About this exercise ▸ Set down all of the entries exactly, leaving nothing out.

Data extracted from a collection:

################

lemma process_seller_invariant:
  assumes inv: "bfm_invariant N v c beta s" and u: "u \<in> N"
    and r: "r \<ge> 0" and B: "B > 0" and beta: "beta > 1" and c_nonneg: "\<forall>u\<in>N. c u \<ge> 0"
    and v_sub: "submodular_on N v" and v_nonneg: "\<forall>X. X \<subseteq> N \<longrightarrow> v X \<ge> 0" and v_empty: "v {} = 0"
  shows "bfm_invariant N v c beta (process_seller v c B beta r tb t u s)"
proof -
  define j where "j = tb t s u"
  define S where "S = elems (Sc s j)"
  define m where "m = v (insert u S) - v S"
  define newp where "newp = min (pr s u) (m / (beta + r / B))"
  note defs = j_def[symmetric] S_def[symmetric] m_def[symmetric] newp_def[symmetric]
  have Sj: "well_priced N v c beta (Sc s j)" using inv by (simp add: bfm_invariant_def)
  have price_le_marginal: "beta * newp \<le> m" if "c u \<le> newp"
  proof -
    have "0 \<le> newp" using that c_nonneg u by force
    then show ?thesis using scaled_offer_le[of "pr s u" m beta "r / B"] beta r B
      by (simp add: newp_def)
  qed
  have marginal_le: "m \<le> v {u}"
    using marginal_le_singleton[OF v_sub v_empty v_nonneg elems_subset[OF Sj] u]
    by (simp add: m_def S_def)
  consider "brk s" | "\<not> brk s" "c u > newp"
    | "\<not> brk s" "c u \<le> newp" "v (insert u S) - sum ((pr s)(u := newp)) (insert u S) > r"
    | "\<not> brk s" "c u \<le> newp" "\<not> v (insert u S) - sum ((pr s)(u := newp)) (insert u S) > r"
    by linarith
  then show ?thesis
  proof cases
    case 1
    then show ?thesis using inv by (simp add: process_seller_def)
  next
    case 2
    then show ?thesis using inv
      unfolding process_seller_def Let_def defs by (simp add: bfm_invariant_def)
  next
    case 3
    have "well_priced N v c beta [(u, newp)]"
      using well_priced_singleton[of v u N c newp beta] v_empty u 3 price_le_marginal marginal_le
      by simp
    then show ?thesis using 3 inv
      unfolding process_seller_def Let_def defs by (simp add: bfm_invariant_def ustar_list_def)
  next
    case 4
    have "well_priced N v c beta (Sc s j @ [(u, newp)])"
      using well_priced_snoc[OF Sj u] 4 price_le_marginal by (simp add: m_def S_def)
    then show ?thesis using 4 inv
      unfolding process_seller_def Let_def defs by (simp add: bfm_invariant_def)
  qed
qed

lemma bfm_run_invariant:
  assumes "set ord = N" "B > 0" "alpha > 1" "eps > 0" "beta > 1" "\<forall>u\<in>N. c u \<ge> 0"
    "submodular_on N v" "\<forall>X. X \<subseteq> N \<longrightarrow> v X \<ge> 0" "v {} = 0"
  shows "bfm_invariant N v c beta (bfm_run v c B alpha beta eps ell ord tb t)"
proof (induction t)
  case 0
  show ?case
    using assms(9) by (simp add: bfm_init_def bfm_invariant_def ustar_list_def well_priced_Nil)
next
  case (Suc t)
  let ?s = "bfm_run v c B alpha beta eps ell ord tb t"
  have start: "bfm_invariant N v c beta (?s\<lparr>Sp := Sc ?s, Sc := (\<lambda>_. []), brk := False\<rparr>)"
    using Suc assms(9) by (simp add: bfm_invariant_def well_priced_Nil)
  have rho: "rho eps alpha (Suc t) \<ge> 0" using assms(3,4) by (simp add: rho_def)
  show ?case
    unfolding bfm_run.simps bfm_round_def Let_def
    by (rule fold_invariant[where Q = "\<lambda>u. u \<in> N" and P = "bfm_invariant N v c beta", OF _ start])
      (use assms rho process_seller_invariant in auto)
qed

theorem lemma4p6:
  fixes N :: "'a set" and ord :: "'a list" and v :: "'a set \<Rightarrow> real" and c :: "'a \<Rightarrow> real"
    and B alpha beta eps :: real and ell M :: nat
    and tb :: "nat \<Rightarrow> 'a bfm_state \<Rightarrow> 'a \<Rightarrow> nat"
  assumes ord: "distinct ord" "set ord = N"
    and v_empty: "v {} = 0"
    and v_nonneg: "\<forall>X. X \<subseteq> N \<longrightarrow> v X \<ge> 0"
    and v_sub: "submodular_on N v"
    and c_nonneg: "\<forall>u\<in>N. c u \<ge> 0"
    and params: "B > 0" "alpha > 1" "beta > 1" "eps > 0" "ell \<in> {1, 2}"
    and tb: "\<forall>t s u. tb t s u \<in> {1..ell} \<and>
               (\<forall>i\<in>{1..ell}. v (insert u (elems (Sc s i))) - v (elems (Sc s i))
                   \<le> v (insert u (elems (Sc s (tb t s u)))) - v (elems (Sc s (tb t s u))))"
    and M: "M \<ge> 1"
      "bfm_stops ell (bfm_run v c B alpha beta eps ell ord tb M)"
      "\<forall>t. 1 \<le> t \<and> t < M \<longrightarrow> \<not> bfm_stops ell (bfm_run v c B alpha beta eps ell ord tb t)"
  shows "\<forall>A \<in> {Sc (bfm_run v c B alpha beta eps ell ord tb t) i | i t. i \<in> {1..ell} \<and> t \<in> {1..M}}
              \<union> {ustar_list (us (bfm_run v c B alpha beta eps ell ord tb M))}.
           v (elems A) \<le> (v (elems A) - sum_list (map snd A)) / (1 - 1 / beta)
         \<and> (v (elems A) - sum_list (map snd A)) / (1 - 1 / beta)
             \<le> (v (elems A) - sum c (elems A)) / (1 - 1 / beta)"
proof
  fix A
  assume "A \<in> {Sc (bfm_run v c B alpha beta eps ell ord tb t) i | i t. i \<in> {1..ell} \<and> t \<in> {1..M}}
              \<union> {ustar_list (us (bfm_run v c B alpha beta eps ell ord tb M))}"
  moreover have "\<And>t. bfm_invariant N v c beta (bfm_run v c B alpha beta eps ell ord tb t)"
    using bfm_run_invariant[OF ord(2) params(1,2,4,3) c_nonneg v_sub v_nonneg v_empty] .
  ultimately have A: "well_priced N v c beta A" unfolding bfm_invariant_def by blast
  show "v (elems A) \<le> (v (elems A) - sum_list (map snd A)) / (1 - 1 / beta)
         \<and> (v (elems A) - sum_list (map snd A)) / (1 - 1 / beta)
             \<le> (v (elems A) - sum c (elems A)) / (1 - 1 / beta)"
    using surplus_bounds[OF params(3), of "sum_list (map snd A)" "v (elems A)" "sum c (elems A)"]
      sum_costs_le_prices[OF _ c_nonneg] A
    by (simp add: well_priced_def)
qed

################

Output of the exercise ▸
lemma process_seller_invariant:
  assumes inv: "bfm_invariant N v c beta s" and u: "u \<in> N"
    and r: "r \<ge> 0" and B: "B > 0" and beta: "beta > 1" and c_nonneg: "\<forall>u\<in>N. c u \<ge> 0"
    and v_sub: "submodular_on N v" and v_nonneg: "\<forall>X. X \<subseteq> N \<longrightarrow> v X \<ge> 0" and v_empty: "v {} = 0"
  shows "bfm_invariant N v c beta (process_seller v c B beta r tb t u s)"
proof -
  define j where "j = tb t s u"
  define S where "S = elems (Sc s j)"
  define m where "m = v (insert u S) - v S"
  define newp where "newp = min (pr s u) (m / (beta + r / B))"
  note defs = j_def[symmetric] S_def[symmetric] m_def[symmetric] newp_def[symmetric]
  have Sj: "well_priced N v c beta (Sc s j)" using inv by (simp add: bfm_invariant_def)
  have price_le_marginal: "beta * newp \<le> m" if "c u \<le> newp"
  proof -
    have "0 \<le> newp" using that c_nonneg u by force
    then show ?thesis using scaled_offer_le[of "pr s u" m beta "r / B"] beta r B
      by (simp add: newp_def)
  qed
  have marginal_le: "m \<le> v {u}"
    using marginal_le_singleton[OF v_sub v_empty v_nonneg elems_subset[OF Sj] u]
    by (simp add: m_def S_def)
  consider "brk s" | "\<not> brk s" "c u > newp"
    | "\<not> brk s" "c u \<le> newp" "v (insert u S) - sum ((pr s)(u := newp)) (insert u S) > r"
    | "\<not> brk s" "c u \<le> newp" "\<not> v (insert u S) - sum ((pr s)(u := newp)) (insert u S) > r"
    by linarith
  then show ?thesis
  proof cases
    case 1
    then show ?thesis using inv by (simp add: process_seller_def)
  next
    case 2
    then show ?thesis using inv
      unfolding process_seller_def Let_def defs by (simp add: bfm_invariant_def)
  next
    case 3
    have "well_priced N v c beta [(u, newp)]"
      using well_priced_singleton[of v u N c newp beta] v_empty u 3 price_le_marginal marginal_le
      by simp
    then show ?thesis using 3 inv
      unfolding process_seller_def Let_def defs by (simp add: bfm_invariant_def ustar_list_def)
  next
    case 4
    have "well_priced N v c beta (Sc s j @ [(u, newp)])"
      using well_priced_snoc[OF Sj u] 4 price_le_marginal by (simp add: m_def S_def)
    then show ?thesis using 4 inv
      unfolding process_seller_def Let_def defs by (simp add: bfm_invariant_def)
  qed
qed

lemma bfm_run_invariant:
  assumes "set ord = N" "B > 0" "alpha > 1" "eps > 0" "beta > 1" "\<forall>u\<in>N. c u \<ge> 0"
    "submodular_on N v" "\<forall>X. X \<subseteq> N \<longrightarrow> v X \<ge> 0" "v {} = 0"
  shows "bfm_invariant N v c beta (bfm_run v c B alpha beta eps ell ord tb t)"
proof (induction t)
  case 0
  show ?case
    using assms(9) by (simp add: bfm_init_def bfm_invariant_def ustar_list_def well_priced_Nil)
next
  case (Suc t)
  let ?s = "bfm_run v c B alpha beta eps ell ord tb t"
  have start: "bfm_invariant N v c beta (?s\<lparr>Sp := Sc ?s, Sc := (\<lambda>_. []), brk := False\<rparr>)"
    using Suc assms(9) by (simp add: bfm_invariant_def well_priced_Nil)
  have rho: "rho eps alpha (Suc t) \<ge> 0" using assms(3,4) by (simp add: rho_def)
  show ?case
    unfolding bfm_run.simps bfm_round_def Let_def
    by (rule fold_invariant[where Q = "\<lambda>u. u \<in> N" and P = "bfm_invariant N v c beta", OF _ start])
      (use assms rho process_seller_invariant in auto)
qed

theorem lemma4p6:
  fixes N :: "'a set" and ord :: "'a list" and v :: "'a set \<Rightarrow> real" and c :: "'a \<Rightarrow> real"
    and B alpha beta eps :: real and ell M :: nat
    and tb :: "nat \<Rightarrow> 'a bfm_state \<Rightarrow> 'a \<Rightarrow> nat"
  assumes ord: "distinct ord" "set ord = N"
    and v_empty: "v {} = 0"
    and v_nonneg: "\<forall>X. X \<subseteq> N \<longrightarrow> v X \<ge> 0"
    and v_sub: "submodular_on N v"
    and c_nonneg: "\<forall>u\<in>N. c u \<ge> 0"
    and params: "B > 0" "alpha > 1" "beta > 1" "eps > 0" "ell \<in> {1, 2}"
    and tb: "\<forall>t s u. tb t s u \<in> {1..ell} \<and>
               (\<forall>i\<in>{1..ell}. v (insert u (elems (Sc s i))) - v (elems (Sc s i))
                   \<le> v (insert u (elems (Sc s (tb t s u)))) - v (elems (Sc s (tb t s u))))"
    and M: "M \<ge> 1"
      "bfm_stops ell (bfm_run v c B alpha beta eps ell ord tb M)"
      "\<forall>t. 1 \<le> t \<and> t < M \<longrightarrow> \<not> bfm_stops ell (bfm_run v c B alpha beta eps ell ord tb t)"
  shows "\<forall>A \<in> {Sc (bfm_run v c B alpha beta eps ell ord tb t) i | i t. i \<in> {1..ell} \<and> t \<in> {1..M}}
              \<union> {ustar_list (us (bfm_run v c B alpha beta eps ell ord tb M))}.
           v (elems A) \<le> (v (elems A) - sum_list (map snd A)) / (1 - 1 / beta)
         \<and> (v (elems A) - sum_list (map snd A)) / (1 - 1 / beta)
             \<le> (v (elems A) - sum c (elems A)) / (1 - 1 / beta)"
proof
  fix A
  assume "A \<in> {Sc (bfm_run v c B alpha beta eps ell ord tb t) i | i t. i \<in> {1..ell} \<and> t \<in> {1..M}}
              \<union> {ustar_list (us (bfm_run v c B alpha beta eps ell ord tb M))}"
  moreover have "\<And>t. bfm_invariant N v c beta (bfm_run v c B alpha beta eps ell ord tb t)"
    using bfm_run_invariant[OF ord(2) params(1,2,4,3) c_nonneg v_sub v_nonneg v_empty] .
  ultimately have A: "well_priced N v c beta A" unfolding bfm_invariant_def by blast
  show "v (elems A) \<le> (v (elems A) - sum_list (map snd A)) / (1 - 1 / beta)
         \<and> (v (elems A) - sum_list (map snd A)) / (1 - 1 / beta)
             \<le> (v (elems A) - sum c (elems A)) / (1 - 1 / beta)"
    using surplus_bounds[OF params(3), of "sum_list (map snd A)" "v (elems A)" "sum c (elems A)"]
      sum_costs_le_prices[OF _ c_nonneg] A
    by (simp add: well_priced_def)
qed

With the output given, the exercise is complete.